Le président américain Donald Trump a annoncé, ce mercredi 9 juillet, la rencontre prochaine, à la Maison Blanche, des présidents rwandais Paul Kagame et congolais Félix Tshisekedi. Ce sera, a-t-il dit, pour la signature de l’accord final.
Le président du Rwanda Paul Kagame et celui de la RDC Félix Tshisekedi sont attendus dans 2 semaines à Washington où ils doivent être reçus par le président américain Donald Trump.
Selon le président américain, cette rencontre à la Maison Blanche aura pour objectif de finaliser le processus de paix entre les 2 pays.
Cela fait suite à l’étape de la signature de l’accord de paix au niveau ministériel en présence de Marco Rubio, Secrétaire d’Etat américain. C’était en date du 27 juin dernier.
“Ils sont en guerre depuis 30 ans. Ça a été une lutte longue et brutale. Nous sommes très heureux d’avoir pu résoudre ce problème. Je pense que, dans les deux prochaines semaines, les dirigeants des deux pays viendront pour signer l’accord final”, a révélé le président américain Donald Trump.

Il a dit espérer que les différentes parties prenantes vont bel et bien appliquer cet accord de paix.
“Comme vous le savez, nous avions les ministres des Affaires étrangères la semaine dernière. Mais nous allons signer la fin de cette horrible guerre de 30 ans. Elle a duré très longtemps. J’en ai lu, j’en ai entendu parler, et c’était une guerre brutale. C’était une guerre terrible. Je veux remercier notre excellent conseiller principal pour l’Afrique, Il a été très impliqué dans ce règlement. La plupart de gens pensaient que c’était impossible. Mais il reste encore beaucoup à faire”, a ajouté le président américain Donald Trump.
La signature de l’accord est une chose mais sa mise en application en est une autre. Le défi majeur reste donc la mise en œuvre de cet accord de paix.
Accord de paix : optimisme prudent
Le ministre rwandais des affaires étrangères et de la coopération internationale, Olivier Nduhungirehe, a exprimé un optimisme prudent. Il a souligné toutefois que le Rwanda reste déterminé à respecter sa part de l’accord.

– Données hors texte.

lemma simple_graph_edgeD:
  assumes "simple_graph V E" "{a, b} \<in> E"
  shows "a \<in> V" "b \<in> V"
  using assms unfolding simple_graph_def by (auto simp: doubleton_eq_iff)

lemma has_cycle_two_neighbours:
  assumes "has_cycle T"
  obtains C where "finite C" "C \<noteq> {}"
    "\<forall>x\<in>C. \<exists>y\<in>C. \<exists>z\<in>C. y \<noteq> z \<and> y \<noteq> x \<and> z \<noteq> x \<and> {x, y} \<in> T \<and> {x, z} \<in> T"
proof -
  obtain cs where L3: "length cs \<ge> 3" and dist: "distinct cs"
    and path: "\<forall>i < length cs - 1. {cs ! i, cs ! Suc i} \<in> T" and closing: "{last cs, hd cs} \<in> T"
    using assms unfolding has_cycle_def by blast
  define L where "L = length cs"
  define succ where "succ t = (if Suc t < L then Suc t else 0)" for t
  define pred where "pred t = (if t = 0 then L - 1 else t - 1)" for t
  have cs_ne: "cs \<noteq> []" using L3 by auto
  have succ_edge: "{cs ! t, cs ! succ t} \<in> T" if "t < L" for t
  proof (cases "Suc t < L")
    case True
    then show ?thesis using path by (simp add: succ_def L_def)
  next
    case False
    then have "t = L - 1" using that by simp
    then show ?thesis using closing cs_ne False
      by (simp add: succ_def L_def last_conv_nth hd_conv_nth)
  qed
  have pred_edge: "{cs ! t, cs ! pred t} \<in> T" if "t < L" for t
  proof -
    have "succ (pred t) = t" "pred t < L" using that L3 by (auto simp: succ_def pred_def L_def)
    then show ?thesis using succ_edge[of "pred t"] by (simp add: insert_commute)
  qed
  show ?thesis
  proof
    show "finite (set cs)" "set cs \<noteq> {}" using cs_ne by auto
  next
    show "\<forall>x\<in>set cs. \<exists>y\<in>set cs. \<exists>z\<in>set cs. y \<noteq> z \<and> y \<noteq> x \<and> z \<noteq> x \<and> {x, y} \<in> T \<and> {x, z} \<in> T"
    proof
      fix x assume "x \<in> set cs"
      then obtain t where t: "t < L" "x = cs ! t" by (auto simp: L_def in_set_conv_nth)
      have "succ t < L" "pred t < L" "succ t \<noteq> pred t" "succ t \<noteq> t" "pred t \<noteq> t"
        using t(1) L3 by (auto simp: succ_def pred_def L_def)
      then have "cs ! succ t \<noteq> cs ! pred t" "cs ! succ t \<noteq> x" "cs ! pred t \<noteq> x"
        using t dist by (auto simp: L_def nth_eq_iff_index_eq)
      moreover have "cs ! succ t \<in> set cs" "cs ! pred t \<in> set cs"
        using \<open>succ t < L\<close> \<open>pred t < L\<close> by (auto simp: L_def)
      ultimately show "\<exists>y\<in>set cs. \<exists>z\<in>set cs. y \<noteq> z \<and> y \<noteq> x \<and> z \<noteq> x \<and> {x, y} \<in> T \<and> {x, z} \<in> T"
        using succ_edge pred_edge t by blast
    qed
  qed
qed

text \<open>A cycle has a vertex of maximal rank, and both of its cycle neighbours have lower rank.\<close>
lemma not_has_cycle_if_unique_lower_neighbour:
  fixes rank :: "'a \<Rightarrow> 'b::linorder"
  assumes inj: "inj_on rank (\<Union>T)"
    and unique: "\<And>x y z. {x, y} \<in> T \<Longrightarrow> {x, z} \<in> T \<Longrightarrow> rank y < rank x \<Longrightarrow> rank z < rank x \<Longrightarrow> y = z"
  shows "\<not> has_cycle T"
proof
  assume "has_cycle T"
  then obtain C where fin: "finite C" and ne: "C \<noteq> {}"
    and nbrs: "\<forall>x\<in>C. \<exists>y\<in>C. \<exists>z\<in>C. y \<noteq> z \<and> y \<noteq> x \<and> z \<noteq> x \<and> {x, y} \<in> T \<and> {x, z} \<in> T"
    by (rule has_cycle_two_neighbours)
  have "Max (rank ` C) \<in> rank ` C" using fin ne by simp
  then obtain x where x: "x \<in> C" "rank x = Max (rank ` C)" by (metis imageE)
  then obtain y z where yz: "y \<in> C" "z \<in> C" "y \<noteq> z" "y \<noteq> x" "z \<noteq> x" "{x, y} \<in> T" "{x, z} \<in> T"
    using nbrs by blast
  have lower: "rank w < rank x" if "w \<in> C" "w \<noteq> x" "{x, w} \<in> T" for w
  proof -
    have "rank w \<noteq> rank x" using inj that by (metis UnionI insertCI inj_on_contraD)
    moreover have "rank w \<le> rank x" using x fin that by simp
    ultimately show ?thesis by simp
  qed
  show False using unique[OF yz(6,7) lower lower] yz by blast
qed

lemma gs_ordering_parent:
  assumes "gs_ordering V E vs" "0 < i" "i < length vs"
  shows "ftree_parent_idx E vs i < i" "{vs ! ftree_parent_idx E vs i, vs ! i} \<in> E"
proof -
  obtain j where j: "j < i" "{vs ! j, vs ! i} \<in> E"
    using assms unfolding gs_ordering_def by blast
  show "{vs ! ftree_parent_idx E vs i, vs ! i} \<in> E"
    unfolding ftree_parent_idx_def by (rule LeastI[of "\<lambda>j. {vs ! j, vs ! i} \<in> E", OF j(2)])
  have "ftree_parent_idx E vs i \<le> j"
    unfolding ftree_parent_idx_def by (rule Least_le[of "\<lambda>j. {vs ! j, vs ! i} \<in> E", OF j(2)])
  with j(1) show "ftree_parent_idx E vs i < i" by simp
qed

definition ftree :: "'a set set \<Rightarrow> 'a list \<Rightarrow> 'a set set" where
  "ftree E vs = {{vs ! i, vs ! ftree_parent_idx E vs i} | i. 0 < i \<and> i < length vs}"

lemma ftree_subset:
  assumes "gs_ordering V E vs"
  shows "ftree E vs \<subseteq> E"
proof
  fix e assume "e \<in> ftree E vs"
  then obtain i where "0 < i" "i < length vs" "e = {vs ! ftree_parent_idx E vs i, vs ! i}"
    unfolding ftree_def by (auto simp: insert_commute)
  then show "e \<in> E" using gs_ordering_parent(2)[OF assms] by simp
qed

lemma Union_ftree_subset:
  assumes "gs_ordering V E vs"
  shows "\<Union>(ftree E vs) \<subseteq> set vs"
proof
  fix x assume "x \<in> \<Union>(ftree E vs)"
  then obtain i where "0 < i" "i < length vs" "x = vs ! i \<or> x = vs ! ftree_parent_idx E vs i"
    unfolding ftree_def by blast
  moreover have "ftree_parent_idx E vs i < length vs" if "0 < i" "i < length vs" for i
    using gs_ordering_parent(1)[OF assms that] that by simp
  ultimately show "x \<in> set vs" by auto
qed

lemma ftree_edge_iff:
  assumes gs: "gs_ordering V E vs" and "i < length vs" "j < length vs"
  shows "{vs ! i, vs ! j} \<in> ftree E vs \<longleftrightarrow>
    (0 < i \<and> j = ftree_parent_idx E vs i) \<or> (0 < j \<and> i = ftree_parent_idx E vs j)"
proof -
  have "distinct vs" using gs by (simp add: gs_ordering_def)
  moreover have "ftree_parent_idx E vs l < length vs" if "0 < l" "l < length vs" for l
    using gs_ordering_parent(1)[OF gs that] that by simp
  ultimately show ?thesis
    using assms(2,3) unfolding ftree_def by (auto simp: doubleton_eq_iff nth_eq_iff_index_eq)
qed

lemma connected_ftree:
  assumes gs: "gs_ordering V E vs" and "V \<noteq> {}"
  shows "connected_graph V (ftree E vs)"
proof -
  let ?R = "adj_rel (ftree E vs)"
  have from_root: "(vs ! 0, vs ! i) \<in> ?R\<^sup>*" if "i < length vs" for i
    using that
  proof (induction i rule: less_induct)
    case (less i)
    show ?case
    proof (cases "i = 0")
      case False
      let ?p = "ftree_parent_idx E vs i"
      have "?p < i" using gs_ordering_parent(1)[OF gs _ less.prems] False by simp
      then have "(vs ! 0, vs ! ?p) \<in> ?R\<^sup>*" using less by simp
      moreover have "(vs ! ?p, vs ! i) \<in> ?R"
        using False less.prems unfolding adj_rel_def ftree_def by (auto simp: insert_commute)
      ultimately show ?thesis by (rule rtrancl_into_rtrancl)
    qed simp
  qed
  have "(u, v) \<in> ?R\<^sup>*" if uv: "u \<in> V" "v \<in> V" for u v
  proof -
    have "set vs = V" using gs by (simp add: gs_ordering_def)
    then obtain a b where ab: "a < length vs" "b < length vs" "u = vs ! a" "v = vs ! b"
      using uv by (auto simp: in_set_conv_nth)
    have "(vs ! a, vs ! 0) \<in> ?R\<^sup>*"
      using symD[OF sym_rtrancl[OF sym_adj_rel] from_root[OF ab(1)]] .
    also have "(vs ! 0, vs ! b) \<in> ?R\<^sup>*" using from_root[OF ab(2)] .
    finally show ?thesis using ab by simp
  qed
  with \<open>V \<noteq> {}\<close> show ?thesis by (simp add: connected_graph_def)
qed

text \<open>Rank vertices by their position in the ordering: an F-tree edge to an earlier vertex
  always goes to the parent.\<close>
lemma ftree_acyclic:
  assumes gs: "gs_ordering V E vs"
  shows "\<not> has_cycle (ftree E vs)"
proof -
  have "\<forall>x\<in>set vs. \<exists>i. i < length vs \<and> vs ! i = x" by (simp add: in_set_conv_nth)
  then obtain pos where pos: "\<forall>x\<in>set vs. pos x < length vs \<and> vs ! pos x = x"
    by metis
  have vertices: "\<Union>(ftree E vs) \<subseteq> set vs" by (rule Union_ftree_subset[OF gs])
  show ?thesis
  proof (rule not_has_cycle_if_unique_lower_neighbour)
    show "inj_on pos (\<Union>(ftree E vs))"
      using pos vertices unfolding inj_on_def by (metis subsetD)
  next
    have to_parent: "pos y = ftree_parent_idx E vs (pos x)"
      if "{x, y} \<in> ftree E vs" "pos y < pos x" for x y
    proof -
      have "x \<in> set vs" "y \<in> set vs" using that(1) vertices by auto
      with that pos have "{vs ! pos x, vs ! pos y} \<in> ftree E vs" "pos x < length vs" "pos y < length vs"
        by auto
      with ftree_edge_iff[OF gs] gs_ordering_parent(1)[OF gs, of "pos y"] that(2)
      show ?thesis by fastforce
    qed
    fix x y z
    assume "{x, y} \<in> ftree E vs" "{x, z} \<in> ftree E vs" "pos y < pos x" "pos z < pos x"
    then have "pos y = pos z" using to_parent[of x y] to_parent[of x z] by simp
    moreover have "y \<in> set vs" "z \<in> set vs"
      using \<open>{x, y} \<in> ftree E vs\<close> \<open>{x, z} \<in> ftree E vs\<close> vertices by auto
    ultimately show "y = z" using pos by metis
  qed
qed

lemma spanning_tree_ftree:
  assumes "gs_ordering V E vs" "V \<noteq> {}"
  shows "spanning_tree V E (ftree E vs)"
  unfolding spanning_tree_def
  using ftree_subset[OF assms(1)] connected_ftree[OF assms] ftree_acyclic[OF assms(1)] by blast

lemma ftree_leaves_subset_rooted_tree_leaves:
  assumes gs: "gs_ordering V E vs"
  shows "ftree_leaves E vs \<subseteq> rooted_tree_leaves V (ftree E vs) (vs ! 0)"
proof
  fix x assume "x \<in> ftree_leaves E vs"
  then obtain i where i: "x = vs ! i" "0 < i" "i < length vs"
    and childless: "\<not> (\<exists>j < length vs. 0 < j \<and> ftree_parent_idx E vs j = i)"
    unfolding ftree_leaves_def by blast
  have dist: "distinct vs" and set_vs: "set vs = V" using gs by (auto simp: gs_ordering_def)
  let ?p = "ftree_parent_idx E vs i"
  have "?p < length vs" using gs_ordering_parent(1)[OF gs i(2,3)] i(3) by simp
  have "{w. {x, w} \<in> ftree E vs} = {vs ! ?p}"
  proof (intro set_eqI iffI)
    fix w assume "w \<in> {w. {x, w} \<in> ftree E vs}"
    then have "w \<in> set vs" using Union_ftree_subset[OF gs] by blast
    then obtain j where "j < length vs" "w = vs ! j" by (metis in_set_conv_nth)
    then show "w \<in> {vs ! ?p}"
      using ftree_edge_iff[OF gs i(3)] \<open>w \<in> {w. {x, w} \<in> ftree E vs}\<close> i childless by auto
  next
    fix w assume "w \<in> {vs ! ?p}"
    then show "w \<in> {w. {x, w} \<in> ftree E vs}"
      using ftree_edge_iff[OF gs i(3) \<open>?p < length vs\<close>] i by simp
  qed
  then have "tree_degree (ftree E vs) x = 1" by (simp add: tree_degree_def)
  moreover have "x \<noteq> vs ! 0"
    using i dist nth_eq_iff_index_eq[of vs i 0] by (metis less_nat_zero_code order.strict_trans)
  moreover have "x \<in> V" using i set_vs by auto
  ultimately show "x \<in> rooted_tree_leaves V (ftree E vs) (vs ! 0)"
    by (simp add: rooted_tree_leaves_def)
qed

text \<open>A walk can enter a vertex of L only from its unique neighbour and must return there,
  so these detours can be cut out.\<close>
lemma rtrancl_avoiding_pendants:
  assumes "sym R"
    and pendant: "\<And>v. v \<in> L \<Longrightarrow> \<exists>w. w \<notin> L \<and> R `` {v} \<subseteq> {w}"
    and walk: "(u, y) \<in> R\<^sup>*" and "u \<notin> L" "y \<notin> L"
  shows "(u, y) \<in> (R \<inter> (-L) \<times> (-L))\<^sup>*"
proof -
  let ?R' = "R \<inter> (-L) \<times> (-L)"
  have "(y \<notin> L \<longrightarrow> (u, y) \<in> ?R'\<^sup>*) \<and> (y \<in> L \<longrightarrow> (\<exists>w. (y, w) \<in> R \<and> w \<notin> L \<and> (u, w) \<in> ?R'\<^sup>*))"
    using walk
  proof (induction rule: rtrancl_induct)
    case base
    then show ?case using \<open>u \<notin> L\<close> by simp
  next
    case (step y x)
    show ?case
    proof (cases "y \<in> L")
      case False
      then have "(u, y) \<in> ?R'\<^sup>*" using step.IH by simp
      moreover have "(x, y) \<in> R" using \<open>sym R\<close> step.hyps(2) by (rule symD)
      ultimately show ?thesis using False step.hyps(2) by (auto intro: rtrancl_into_rtrancl)
    next
      case True
      then obtain w where "(y, w) \<in> R" "w \<notin> L" "(u, w) \<in> ?R'\<^sup>*" using step.IH by blast
      moreover have "x = w" using pendant[OF True] step.hyps(2) \<open>(y, w) \<in> R\<close> by blast
      ultimately show ?thesis by simp
    qed
  qed
  with \<open>y \<notin> L\<close> show ?thesis by simp
qed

S’exprimant lors de la ‘’Rwanda Convention 2025’’, qui s’est tenue au Texas, aux Etats-Unis, du 4 au 6 juillet, Olivier Nduhungirehe a donné de l’importance à cet accord, qui vise à apaiser les tensions persistantes dans la région des Grands Lacs.
Il a rappelé que l’accord de paix, négocié à Washington avec le soutien des Etats-Unis, est global et couvre les volets politique, sécuritaire, économique et humanitaire.

” Nous sommes optimistes parce que ces trois aspects sont pris en compte. Cependant, nous restons prudemment optimistes car nous avons déjà l’expérience avec la RDC, de signer des accords sans les mettre en œuvre’’, a-t-il souligné.
Il a insisté sur le fait que les préoccupations sécuritaires du Rwanda, en particulier la menace que représentent les FDLR, une force génocidaire, sont au cœur de l’accord.
” Nous avons décidé ensemble de faire en sorte que ce mouvement, FDLR, soit neutralisé une fois pour toutes, ce qui permettra au Rwanda de lever ses mesures défensives’’, a-t-il déclaré.
Il a également exprimé des inquiétudes quant à la militarisation intensive de la RDC. Il a évoqué l’acquisition de nouvelles armes, de drones d’attaque, de véhicules blindés et le recours à des mercenaires, notamment des opérateurs colombiens engagés par Blackwater lors des négociations à Washington.
” Nous savons que la RDC n’a pas mis en œuvre les accords précédents. Le Rwanda remplira sa part et ses obligations et nous espérons que la RDC fera de même ’’, a conclu le ministre Nduhungirehe.